To conduct a gridsearch to find suitable combinations of hyper-parameters, use the `gridsearch.py` script but note, that the combinations are hard-coded into the python file. Other than that, the script should be fairly easy to use. Furthermore, [this](analysis/evaluate_gridsearch.ipynb) notebook contains  basic analysis to choose a good setting from a successful gridsearch.

To produce basic plots of performance, a prediction for every gene and a comparison with the competing methods, run the `postprocessing.py` script:
```
python postprocessing.py -m <path-to-model-directory> -n <name-of-ppi-network> -nm True/False
```
The name of the PPI network can be any of `CPDB`, `Multinet`, `PCNet`, `STRING`, `IRef` or `IRefNew` and is case-insensitive.
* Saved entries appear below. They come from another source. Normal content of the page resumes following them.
definition fibrational :: "('o,'m) cat \<Rightarrow> ('m \<times> 'm) set \<Rightarrow> bool" where
  "fibrational C S \<longleftrightarrow>
     S \<subseteq> {p. split_epi C p} \<and>
     (\<forall>f s. split_epi C (f, s) \<and> iso C f \<longrightarrow> (f, s) \<in> S) \<and>
     (\<forall>f s v P p1 p2 s'. (f, s) \<in> S \<and> v \<in> Arr C \<and> Cod C v = Cod C f \<and>
        pullback C v f P p1 p2 \<and> hom C s' (Dom C v) P \<and>
        Cmp C p1 s' = Idt C (Dom C v) \<and> Cmp C p2 s' = Cmp C s v
        \<longrightarrow> (p1, s') \<in> S)"

text \<open>Closure of the full subcategory S(E) of Pt(E) under finite limits in Pt(E),
  i.e. under terminal objects and pullbacks of Pt(E).\<close>
definition point_congruous :: "('o,'m) cat \<Rightarrow> ('m \<times> 'm) set \<Rightarrow> bool" where
  "point_congruous C S \<longleftrightarrow> fibrational C S \<and>
     (\<forall>T. terminal (Pt C) T \<longrightarrow> T \<in> S) \<and>
     (\<forall>\<alpha> \<beta> P \<pi>1 \<pi>2. pullback (Pt C) \<alpha> \<beta> P \<pi>1 \<pi>2 \<and>
        Dom (Pt C) \<alpha> \<in> S \<and> Dom (Pt C) \<beta> \<in> S \<and> Cod (Pt C) \<alpha> \<in> S \<longrightarrow> P \<in> S)"

definition jointly_extremally_epic :: "('o,'m) cat \<Rightarrow> 'm \<Rightarrow> 'm \<Rightarrow> bool" where
  "jointly_extremally_epic C a b \<longleftrightarrow> a \<in> Arr C \<and> b \<in> Arr C \<and> Cod C a = Cod C b \<and>
     (\<forall>m a' b'. mono C m \<and> Cod C m = Cod C a \<and>
        hom C a' (Dom C a) (Dom C m) \<and> hom C b' (Dom C b) (Dom C m) \<and>
        Cmp C m a' = a \<and> Cmp C m b' = b \<longrightarrow> iso C m)"

text \<open>Sigma-Mal'tsev: for (f,s) : X <-> Y in S and a split epi (g,t) with g : Y' -> Y,
  with X' = Y' x_Y X (projections p1 : X' -> Y', p2 : X' -> X),
  s' = (1, s g) : Y' -> X' and tb = (t f, 1) : X -> X', the pair (s', tb) is
  jointly extremally epic.\<close>
definition sigma_maltsev :: "('o,'m) cat \<Rightarrow> ('m \<times> 'm) set \<Rightarrow> bool" where
  "sigma_maltsev C S \<longleftrightarrow>
     (\<forall>f s g t P p1 p2 s' tb. (f, s) \<in> S \<and> split_epi C (g, t) \<and> Cod C g = Cod C f \<and>
        pullback C g f P p1 p2 \<and>
        hom C s' (Dom C g) P \<and> Cmp C p1 s' = Idt C (Dom C g) \<and> Cmp C p2 s' = Cmp C s g \<and>
        hom C tb (Dom C f) P \<and> Cmp C p1 tb = Cmp C t f \<and> Cmp C p2 tb = Idt C (Dom C f)
        \<longrightarrow> jointly_extremally_epic C s' tb)"

definition jointly_monic :: "('o,'m) cat \<Rightarrow> 'm \<Rightarrow> 'm \<Rightarrow> bool" where
  "jointly_monic C d0 d1 \<longleftrightarrow> d0 \<in> Arr C \<and> d1 \<in> Arr C \<and> Dom C d0 = Dom C d1 \<and>
     (\<forall>a b. a \<in> Arr C \<and> b \<in> Arr C \<and> Dom C a = Dom C b \<and> Cod C a = Dom C d0 \<and>
        Cod C b = Dom C d0 \<and> Cmp C d0 a = Cmp C d0 b \<and> Cmp C d1 a = Cmp C d1 b \<longrightarrow> a = b)"

definition sigma_relation ::
    "('o,'m) cat \<Rightarrow> ('m \<times> 'm) set \<Rightarrow> 'o \<Rightarrow> 'o \<Rightarrow> 'm \<Rightarrow> 'm \<Rightarrow> 'm \<Rightarrow> bool" where
  "sigma_relation C S X R d0 d1 s0 \<longleftrightarrow>
     hom C d0 R X \<and> hom C d1 R X \<and> jointly_monic C d0 d1 \<and>
     hom C s0 X R \<and> Cmp C d0 s0 = Idt C X \<and> Cmp C d1 s0 = Idt C X \<and> (d0, s0) \<in> S"

definition sigma_special :: "('o,'m) cat \<Rightarrow> ('m \<times> 'm) set \<Rightarrow> 'm \<Rightarrow> bool" where
  "sigma_special C S f \<longleftrightarrow> f \<in> Arr C \<and>
     (\<forall>R d0 d1 s0. pullback C f f R d0 d1 \<and> hom C s0 (Dom C f) R \<and>
        Cmp C d0 s0 = Idt C (Dom C f) \<and> Cmp C d1 s0 = Idt C (Dom C f)
        \<longrightarrow> sigma_relation C S (Dom C f) R d0 d1 s0)"

end

theory Submission
  imports Defs
begin

(* R[f], regarded as the point (d0, s0) over X, is the pullback in Pt(E) of the point R[gf] over X
   and the trivial point (1_Y, 1_Y), both mapped to the point R[g] over Y: a pair (x, x') lies in
   R[f] exactly when it lies in R[gf] and its image (fx, fx') in R[g] is on the diagonal.
   Pullbacks in Pt(E) are computed separately on the objects of pairs and on the bases (here
   X = X x_Y Y). Since R[gf], R[g] and (1_Y, 1_Y) are in Sigma, point-congruity puts R[f] in Sigma. *)

lemma homI: "f \<in> Arr C \<Longrightarrow> hom C f (Dom C f) (Cod C f)"
  by (simp add: hom_def)

lemma pullback_homs:
  "pullback C f g P p1 p2 \<Longrightarrow>
   hom C p1 P (Dom C f) \<and> hom C p2 P (Dom C g) \<and> Cmp C f p1 = Cmp C g p2"
  by (simp add: pullback_def)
The `-nm` argument specifies if several network measures, such as betweenness centrality, clustering coefficient, degree and others should be included in the comparison to other methods.
Beware that the paths to several datasets are hard-coded in the beginning of the script. If you downloaded these datasets, please correct the paths accordingly.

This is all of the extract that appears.